Compared to SMLM, traditional methods of measuring EVs suffer from functional and practical limitations that can complicate and even prevent their use, particularly in novel applications and for exploring new research questions.

For example, electron microscopy (EM) and diffraction-limited fluorescence (confocal and widefield) microscopy are well-established and accessible methods for imaging single EVs. However, although EM allows accurate size measurement with high resolution, its ability to label and image specific molecular content is lacking. Conversely, diffraction-limited fluorescence microscopy can image molecular content with specificity, but it cannot be used to accurately measure EV size. Furthermore, diffraction-limited modalities do not provide the necessary resolution to evaluate target distribution within individual Evs.

See the full table of the capabilities and limitations of measurement methods, below.

SMLM offers researchers a unique single-instrument solution for the study of EVs. Its combination of resolution, accuracy, and functionality enables highly precise imaging and analysis of individual EVs in order to count, size, measure cargo, and track the fate of particular EVs without requiring additional instrumentation or methodologies.

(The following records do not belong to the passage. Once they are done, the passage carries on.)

lemma Aphi_twist:
  fixes \<phi> :: "real \<Rightarrow> real \<times> real \<Rightarrow> real"
  assumes \<phi>: "smooth_on (UNIV \<times> Q) (case_prod \<phi>)" and periodic: "\<And>s y. y \<in> Q \<Longrightarrow> \<phi> (s + 1) y = \<phi> s y"
    and "open Q" "x \<in> Q"
    and twist: "A (t + 1) x - A t x = grad (f t) x" and f: "f t differentiable at x"
  shows "Aphi A \<phi> (t + 1) x - Aphi A \<phi> t x = grad (\<lambda>y. f t y + oint 0 1 (\<lambda>s. \<phi> s y)) x"
proof -
  define g where "g = (\<lambda>s. grad (\<phi> s) x)"
  have "g (s + 1) = g s" for s
    unfolding g_def using periodic by (intro grad_cong_open[OF \<open>open Q\<close> \<open>x \<in> Q\<close>])
  then have "oint 0 (t + 1) g - oint 0 t g = oint 0 1 g"
    using oint_shift_periodic continuous_on_grad_slice[OF \<phi> \<open>open Q\<close> \<open>x \<in> Q\<close>] unfolding g_def by blast
  then have "Aphi A \<phi> (t + 1) x - Aphi A \<phi> t x = grad (f t) x + oint 0 1 g"
    using twist by (simp add: Aphi_def g_def algebra_simps)
  also have "oint 0 1 g = grad (\<lambda>y. oint 0 1 (\<lambda>s. \<phi> s y)) x"
    using grad_oint_slice[OF \<phi> \<open>open Q\<close> \<open>x \<in> Q\<close>] \<phi> \<open>open Q\<close> \<open>x \<in> Q\<close>
    by (simp add: g_def grad_eq_space_grad)
  also have "grad (f t) x + \<dots> = grad (\<lambda>y. f t y + oint 0 1 (\<lambda>s. \<phi> s y)) x"
    using has_derivative_oint_slice[OF \<phi> \<open>open Q\<close> \<open>x \<in> Q\<close>, of 0 1]
    by (intro grad_add[symmetric] f) (auto intro: differentiableI)
  finally show ?thesis .
qed

lemma twisted_periodic_vp_Aphi:
  fixes \<phi> :: "real \<Rightarrow> real \<times> real \<Rightarrow> real"
  assumes "open Q" and \<phi>: "smooth_on (UNIV \<times> Q) (case_prod \<phi>)"
    and periodic: "\<And>s y. y \<in> Q \<Longrightarrow> \<phi> (s + 1) y = \<phi> s y" and "twisted_periodic_vp Q A"
  shows "twisted_periodic_vp Q (Aphi A \<phi>)"
proof -
  have S: "open (UNIV \<times> Q)" using \<open>open Q\<close> by (simp add: open_Times)
  obtain f where A: "smooth_on (UNIV \<times> Q) (case_prod A)"
    and tdot_A: "\<And>t x. x \<in> Q \<Longrightarrow> tdot A (t + 1) x = tdot A t x"
    and rot_A: "\<And>t x. x \<in> Q \<Longrightarrow> rot (A (t + 1)) x = rot (A t) x"
    and f: "smooth_on (UNIV \<times> Q) (case_prod f)"
    and twist: "\<And>t x. x \<in> Q \<Longrightarrow> A (t + 1) x - A t x = grad (f t) x"
    using \<open>twisted_periodic_vp Q A\<close> unfolding twisted_periodic_vp_def case_prod_unfold by blast
  have "grad (\<phi> (t + 1)) x = grad (\<phi> t) x" if "x \<in> Q" for t x
    using periodic by (intro grad_cong_open[OF \<open>open Q\<close> that])
  then have "tdot (Aphi A \<phi>) (t + 1) x = tdot (Aphi A \<phi>) t x" if "x \<in> Q" for t x
    using that by (simp add: tdot_Aphi[OF \<phi> A \<open>open Q\<close>] tdot_A)
  moreover have "rot (Aphi A \<phi> (t + 1)) x = rot (Aphi A \<phi> t) x" if "x \<in> Q" for t x
    using that by (simp add: rot_Aphi[OF \<phi> A \<open>open Q\<close>] rot_A)
  moreover have "smooth_on (UNIV \<times> Q) (case_prod (\<lambda>t y. f t y + oint 0 1 (\<lambda>s. \<phi> s y)))"
    using smooth_on_add[OF f smooth_on_oint_slice[OF \<phi> \<open>open Q\<close>, of 1] S] by (simp add: case_prod_unfold)
  moreover have "Aphi A \<phi> (t + 1) x - Aphi A \<phi> t x = grad (\<lambda>y. f t y + oint 0 1 (\<lambda>s. \<phi> s y)) x"
    if "x \<in> Q" for t x
    using differentiable_slice_snd[OF smooth_on_imp_differentiable_at[OF f S, of "(t, x)"]] that
    by (intro Aphi_twist[where A = A and f = f and t = t, OF \<phi> periodic \<open>open Q\<close> that twist[OF that]]) simp_all
  ultimately show ?thesis
    using smooth_on_Aphi[OF \<phi> A \<open>open Q\<close>] unfolding twisted_periodic_vp_def case_prod_unfold
    by (intro conjI exI[where x = "\<lambda>t y. f t y + oint 0 1 (\<lambda>s. \<phi> s y)"]) auto
qed
(* If $T\in L_{aut}(\mathcal B)$ is a shifted hyperbolic operator, then $\overline{B(T)}$ is an infinite-dimensional closed subspace of $\mathcal B$ and it coincides with the shifted subspace $\Sigma$.
   Context: $\mathcal B$ is a Banach space. $T$ is generalized hyperbolic if there is a decomposition $\mathcal B=E^-\oplus E^+$ into complementary closed subspaces with $T(E^+)\subset E^+$, $T^{-1}(E^-)\subset E^-$, and $T|_{E^+}$, $T^{-1}|_{E^-}$ uniform contractions. $T$ is shifted hyperbolic if it is generalized hyperbolic and the transition subspace $E_0:=E^-\cap T^{-1}(E^+)$ is nonzero. The shifted subspace $\Sigma$ is the smallest closed subspace containing $E_0$ that is invariant under $T$ and $T^{-1}$ (the closure of the span of $\bigcup_{n\in\mathbb Z}T^n(E_0)$). The bounded set $B(T)$ is the set of $x$ for which there exist $K>0$ and strictly increasing sequences of positive integers $(k_n),(m_n)$ with $|T^{k_n}x|<K$ and $|T^{-m_n}x|<K$. *)

theory Defs
  imports "HOL-Analysis.Analysis"
begin

definition L_aut :: "('a::banach \<Rightarrow> 'a) set" where
  "L_aut = {T. bounded_linear T \<and> bij T \<and> bounded_linear (inv T)}"

definition zpow :: "('a \<Rightarrow> 'a) \<Rightarrow> int \<Rightarrow> 'a \<Rightarrow> 'a" where
  "zpow T n = (if 0 \<le> n then T ^^ nat n else (inv T) ^^ nat (- n))"

definition uniform_contraction_on :: "'a::real_normed_vector set \<Rightarrow> ('a \<Rightarrow> 'a) \<Rightarrow> bool" where
  "uniform_contraction_on S f \<longleftrightarrow>
     (\<exists>C t. C > 0 \<and> 0 < t \<and> t < 1 \<and>
        (\<forall>x\<in>S. \<forall>n::nat. norm ((f ^^ n) x) \<le> C * t ^ n * norm x))"

definition generalized_hyperbolic_split :: "('a::banach \<Rightarrow> 'a) \<Rightarrow> 'a set \<Rightarrow> 'a set \<Rightarrow> bool" where
  "generalized_hyperbolic_split T Em Ep \<longleftrightarrow>
     subspace Em \<and> subspace Ep \<and> closed Em \<and> closed Ep \<and>
     Em \<inter> Ep = {0} \<and> {x + y | x y. x \<in> Em \<and> y \<in> Ep} = UNIV \<and>
     T ` Ep \<subseteq> Ep \<and> inv T ` Em \<subseteq> Em \<and>
     uniform_contraction_on Ep T \<and> uniform_contraction_on Em (inv T)"

definition generalized_hyperbolic :: "('a::banach \<Rightarrow> 'a) \<Rightarrow> bool" where
  "generalized_hyperbolic T \<longleftrightarrow> (\<exists>Em Ep. generalized_hyperbolic_split T Em Ep)"

definition transition_subspace :: "('a::banach \<Rightarrow> 'a) \<Rightarrow> 'a set \<Rightarrow> 'a set \<Rightarrow> 'a set" where
  "transition_subspace T Em Ep = Em \<inter> inv T ` Ep"

definition shifted_hyperbolic_split :: "('a::banach \<Rightarrow> 'a) \<Rightarrow> 'a set \<Rightarrow> 'a set \<Rightarrow> bool" where
  "shifted_hyperbolic_split T Em Ep \<longleftrightarrow>
     generalized_hyperbolic_split T Em Ep \<and> transition_subspace T Em Ep \<noteq> {0}"

definition shifted_subspace :: "('a::banach \<Rightarrow> 'a) \<Rightarrow> 'a set \<Rightarrow> 'a set \<Rightarrow> 'a set" where
  "shifted_subspace T Em Ep =
     closure (span (\<Union>n::int. zpow T n ` transition_subspace T Em Ep))"

definition bounded_set :: "('a::banach \<Rightarrow> 'a) \<Rightarrow> 'a set" where
  "bounded_set T = {x. \<exists>K>0. \<exists>k m :: nat \<Rightarrow> nat.
      strict_mono k \<and> strict_mono m \<and> (\<forall>n. 0 < k n \<and> 0 < m n) \<and>
      (\<forall>n. norm ((T ^^ k n) x) < K \<and> norm ((inv T ^^ m n) x) < K)}"

end

theory Submission
  imports Defs
begin

text \<open>Vectors of the transition subspace \<open>E\<^sub>0\<close> have forward orbits tending to \<open>0\<close>
  (since \<open>T e \<in> E\<^sup>+\<close>) and backward orbits tending to \<open>0\<close> (since \<open>e \<in> E\<^sup>-\<close>); this property
  survives \<open>T\<close>, \<open>T\<^sup>-\<^sup>1\<close> and linear combinations, so \<open>\<Sigma>\<close> lies in the closure of \<open>B(T)\<close>.
  Conversely, write \<open>x \<in> B(T)\<close> as \<open>u + v\<close> with \<open>u \<in> E\<^sup>-\<close>, \<open>v \<in> E\<^sup>+\<close>. If \<open>T\<^sup>j x\<close> is bounded,
  so is \<open>T\<^sup>j u\<close>; subtracting from \<open>u\<close> the pull-back by \<open>T\<^sup>-\<^sup>j\<close> of the \<open>E\<^sup>-\<close>-part of a
  bounded splitting of \<open>T\<^sup>j u\<close> gives a vector of \<open>E\<^sup>-\<close> that enters \<open>E\<^sup>+\<close> after \<open>j\<close> steps,
  hence lies in \<open>\<Sigma>\<close>, and is \<open>O(t\<^sup>j)\<close>-close to \<open>u\<close>; symmetrically for \<open>v\<close>. Bounded
  splittings exist by Baire's theorem. Finally, for \<open>0 \<noteq> e \<in> E\<^sub>0\<close> the vectors
  \<open>e, T e, T\<^sup>2 e, \<dots>\<close> are independent, because \<open>T\<^sup>i e \<in> E\<^sup>+\<close> for \<open>i \<ge> 1\<close> while \<open>e \<notin> E\<^sup>+\<close>.\<close>

section \<open>Bounded splittings along complemented closed subspaces\<close>

definition bounded_split_set :: "'a::real_normed_vector set \<Rightarrow> 'a set \<Rightarrow> real \<Rightarrow> 'a set" where
  "bounded_split_set Em Ep c = {y. \<exists>a\<in>Em. y - a \<in> Ep \<and> norm a \<le> c}"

It is important to note that appropriate fluorescent labeling for super-resolution microscopy studies does require knowledge of potential protein content. This does not present a significant obstacle to the application of SMLM for EV research as all EVs appear to have one or more of the tetraspanin family of proteins (e.g., CD9, CD63, CD81) in their membranes. These are well-accepted, typical EV markers for fluorescent microscopy studies (including super-resolution microscopy).

SMLM provides a single measurement modality for:

1. Measuring EVs on an individual basis, either in isolation or with respect to spatial distribution in cells (for EVs derived from cells, tumors, plasma, and other samples);
2. Imaging and quantifying EVs in terms of size, membrane protein phenotype, and cargo; and
3. Evaluating the three-dimensional relationship of targets in individual EVs.